If saying “no” in general is a challenge for you, use an alternative method. There are many good ways to say no without using the work no. When your child asks permission to go play video games, for example, you could answer, “No, you need to do your chores first.” Instead reply, “Yes, as soon as you get your chores done.” Starting your answer with a “yes” gives the illusion of permission while still setting standards, limits and expectations. Kids are less likely to contest an answer that starts with yes. (But they still will—we’ll take a look at that in a second.)
Again the tone and quality of the relationship and conversation improves when yes, vs. no, is the foundation of your dialogue. When kids have the feeling your looking to say yes, not no, they’ll instinctively want to work with you vs. against you.
Even with your best “yes–based” answers, kids will still test your boundaries. Once you’ve given your “Yes, you can ...as soon as you…”all you have to do is play it back like a broken record in response to their attempts at negotiation.

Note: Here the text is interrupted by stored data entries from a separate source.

(* Let $\{\nu_t\}_{t\ge0}$ and $\{\widetilde\nu_t\}_{t\ge0}$ be weakly continuous $\rhd$-convolution semigroups in $\mathcal{P}(\mathbb{T})$ with $\nu_0=\widetilde\nu_0=\delta_1$, $\nu_1=\widetilde\nu_1$, and $\nu_1\ne\omega$. Let $B_2,\widetilde B_2:\mathbb{D}\to\mathbb{C}$ be analytic with nonpositive real parts such that, for all $t\ge0$ and $z\in\mathbb{D}$, $$\tfrac{d}{dt}\eta_{\nu_t}(z)=\eta_{\nu_t}(z)B_2(\eta_{\nu_t}(z)),\qquad \tfrac{d}{dt}\eta_{\widetilde\nu_t}(z)=\eta_{\widetilde\nu_t}(z)\widetilde B_2(\eta_{\widetilde\nu_t}(z)).$$ Let $s_1=B_2(0)$. (1) If $\nu_1$ is not a Dirac measure, there exists an integer $n$ such that $\widetilde B_2=\big(1+\frac{2\pi in}{s_1}\big)B_2$. (2) If $\nu_1$ is a Dirac measure, there exists an integer $n$ such that $\widetilde B_2=B_2+2\pi in$.
   Context: $\mathbb{T}$ is the unit circle, $\mathbb{D}$ the open unit disc, $\mathcal{P}(\mathbb{T})$ the Borel probability measures on $\mathbb{T}$, $\omega$ the normalized Haar measure on $\mathbb{T}$, and $\delta_1$ the Dirac mass at $1$. For $\nu\in\mathcal{P}(\mathbb{T})$ let $\psi_\nu(z)=\int\frac{z\zeta}{1-z\zeta}d\nu(\zeta)$ and $\eta_\nu=\psi_\nu/(1+\psi_\nu)$ on $\mathbb{D}$; $\eta_\nu$ determines $\nu$. The multiplicative monotone convolution is defined by $\eta_{\nu\rhd\lambda}=\eta_\nu\circ\eta_\lambda$. A weakly continuous $\rhd$-convolution semigroup is a family $\{\nu_t\}_{t\ge0}$ with $\nu_{s+t}=\nu_s\rhd\nu_t$ for all $s,t\ge0$ and $t\mapsto\nu_t$ weakly continuous. *)

theory Defs
  imports "HOL-Probability.Probability"
begin
section \<open>The orbit as a sublevel set of the excess\<close>

lemma excess_TP_mult_le:
  assumes T: "T \<in> TP g"
  shows "excess (T *v p) t \<le> excess p t"
proof -
  have T_nonneg: "\<forall>i j. 0 \<le> T $ i $ j" and T_cols: "\<forall>j. (\<Sum>i\<in>UNIV. T $ i $ j) = 1"
    and Tg: "T *v g = g"
    using T unfolding TP_def by auto
  have "(T *v p) $ i - t * g $ i = (T *v p) $ i - t * (T *v g) $ i" for i
    using Tg by simp
  then have row: "(T *v p) $ i - t * g $ i = (\<Sum>j\<in>UNIV. T $ i $ j * (p $ j - t * g $ j))" for i
    by (simp add: matrix_vector_mult_nth sum_subtractf sum_distrib_left algebra_simps)
  have "excess (T *v p) t \<le> (\<Sum>i\<in>UNIV. \<Sum>j\<in>UNIV. T $ i $ j * max 0 (p $ j - t * g $ j))"
    unfolding excess_def row
    using T_nonneg by (intro sum_mono max.boundedI sum_nonneg mult_left_mono) auto
  also have "\<dots> = (\<Sum>j\<in>UNIV. (\<Sum>i\<in>UNIV. T $ i $ j) * max 0 (p $ j - t * g $ j))"
    unfolding sum_distrib_right by (rule sum.swap)
  also have "\<dots> = excess p t"
    using T_cols by (simp add: excess_def)
  finally show ?thesis .
qed

text \<open>The extreme point of \<open>TP_orbit g p\<close> that maximises every linear functional whose
  coefficients decrease along \<open>\<sigma>\<close>.\<close>
definition vertex :: "real^'n \<Rightarrow> (nat \<Rightarrow> 'n) \<Rightarrow> real^'n" where
  "vertex p \<sigma> = (\<chi> i. lorenz p (gcum \<sigma> (Suc (rank \<sigma> i))) - lorenz p (gcum \<sigma> (rank \<sigma> i)))"

definition vertex_process :: "real^'n \<Rightarrow> (nat \<Rightarrow> 'n) \<Rightarrow> real^'n^'n" where
  "vertex_process p \<sigma> = (\<chi> i j. (overlap (tm_perm g p) j (gcum \<sigma> (Suc (rank \<sigma> i)))
                               - overlap (tm_perm g p) j (gcum \<sigma> (rank \<sigma> i))) / g $ j)"

lemma vertex_process_TP:
  assumes \<sigma>: "enumeration \<sigma>"
  shows "vertex_process p \<sigma> \<in> TP g"
proof -
  define \<pi> where "\<pi> = tm_perm g p"
  have \<pi>: "enumeration \<pi>" unfolding \<pi>_def by (rule enumeration_tm_perm)
  define a where "a i = gcum \<sigma> (rank \<sigma> i)" for i
  define b where "b i = gcum \<sigma> (Suc (rank \<sigma> i))" for i
  have ab: "0 \<le> a i" "a i \<le> b i" "b i \<le> 1" "b i - a i = g $ i" for i
    using gcum_nonneg gcum_Suc_rank[OF \<sigma>] g_pos[of i]
      gcum_le_1[OF \<sigma>, of "Suc (rank \<sigma> i)"] rank_less_CARD[OF \<sigma>, of i]
    by (auto simp: a_def b_def)
  have T: "vertex_process p \<sigma> $ i $ j = (overlap \<pi> j (b i) - overlap \<pi> j (a i)) / g $ j" for i j
    by (simp add: vertex_process_def \<pi>_def a_def b_def)
  have cols: "(\<Sum>i\<in>UNIV. overlap \<pi> j (b i) - overlap \<pi> j (a i)) = g $ j" for j
  proof -
    have "(\<Sum>i\<in>UNIV. overlap \<pi> j (b i) - overlap \<pi> j (a i))
        = (\<Sum>k<CARD('n). overlap \<pi> j (gcum \<sigma> (Suc k)) - overlap \<pi> j (gcum \<sigma> k))"
      unfolding a_def b_def by (rule sum_rank[OF \<sigma>])
    also have "\<dots> = g $ j"
      using sum_lessThan_telescope[of "\<lambda>k. overlap \<pi> j (gcum \<sigma> k)" "CARD('n)"]
      by (simp add: gcum_CARD[OF \<sigma>] overlap_1[OF \<pi>] overlap_0)
    finally show ?thesis .
  qed
  have rows: "(\<Sum>j\<in>UNIV. overlap \<pi> j (b i) - overlap \<pi> j (a i)) = g $ i" for i
    using sum_overlap[OF \<pi>, of "b i"] sum_overlap[OF \<pi>, of "a i"] ab[of i]
    by (simp add: sum_subtractf)
  show ?thesis
    unfolding TP_def
  proof (intro CollectI conjI allI)
    show "0 \<le> vertex_process p \<sigma> $ i $ j" for i j
      unfolding T using overlap_mono[OF ab(2)] g_pos[of j] by simp
    show "(\<Sum>i\<in>UNIV. vertex_process p \<sigma> $ i $ j) = 1" for j
      unfolding T sum_divide_distrib[symmetric] cols by (simp add: g_nonzero)
    show "vertex_process p \<sigma> *v g = g"
      unfolding vec_eq_iff matrix_vector_mult_nth T by (simp add: g_nonzero rows)
  qed
qed

lemma vertex_process_mult: "vertex_process p \<sigma> *v p = vertex p \<sigma>"
proof -
  have "(x - y) / g $ j * p $ j = p $ j / g $ j * x - p $ j / g $ j * y" for x y j
    by (simp add: divide_simps algebra_simps)
  then show ?thesis
    unfolding vec_eq_iff matrix_vector_mult_nth vertex_process_def vertex_def lorenz_def
    by (simp add: sum_subtractf)
qed

lemma vertex_in_TP_orbit: "enumeration \<sigma> \<Longrightarrow> vertex p \<sigma> \<in> TP_orbit g p"
  unfolding TP_orbit_def using vertex_process_TP vertex_process_mult[symmetric] by blast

Keep a firm matter of fact tone and replay over and over until they relent.
“Yes, You can ...as soon as you…”
“But Kate doesn’t have to”
“Yes, You can ...as soon as you…”
“That’s not fair!”
“Yes, You can...as soon as you…”
Usually kids will tire of negotiation when they find it’s no longer effective in manipulating the situation and only postpones the inevitable—them following directions so they can get whatever privilege they’re after. However, it’s my personal policy to NEVER repeat myself more than three times. If I have to repeat my answer more than that, my next response is to firmly state, “You have my answer. If you ask me again the answer will be NO.” ONLY do this if you KNOW you’re going to follow through! Consistency is the name of the game here.
BONUS: This works on adults who act like kids too!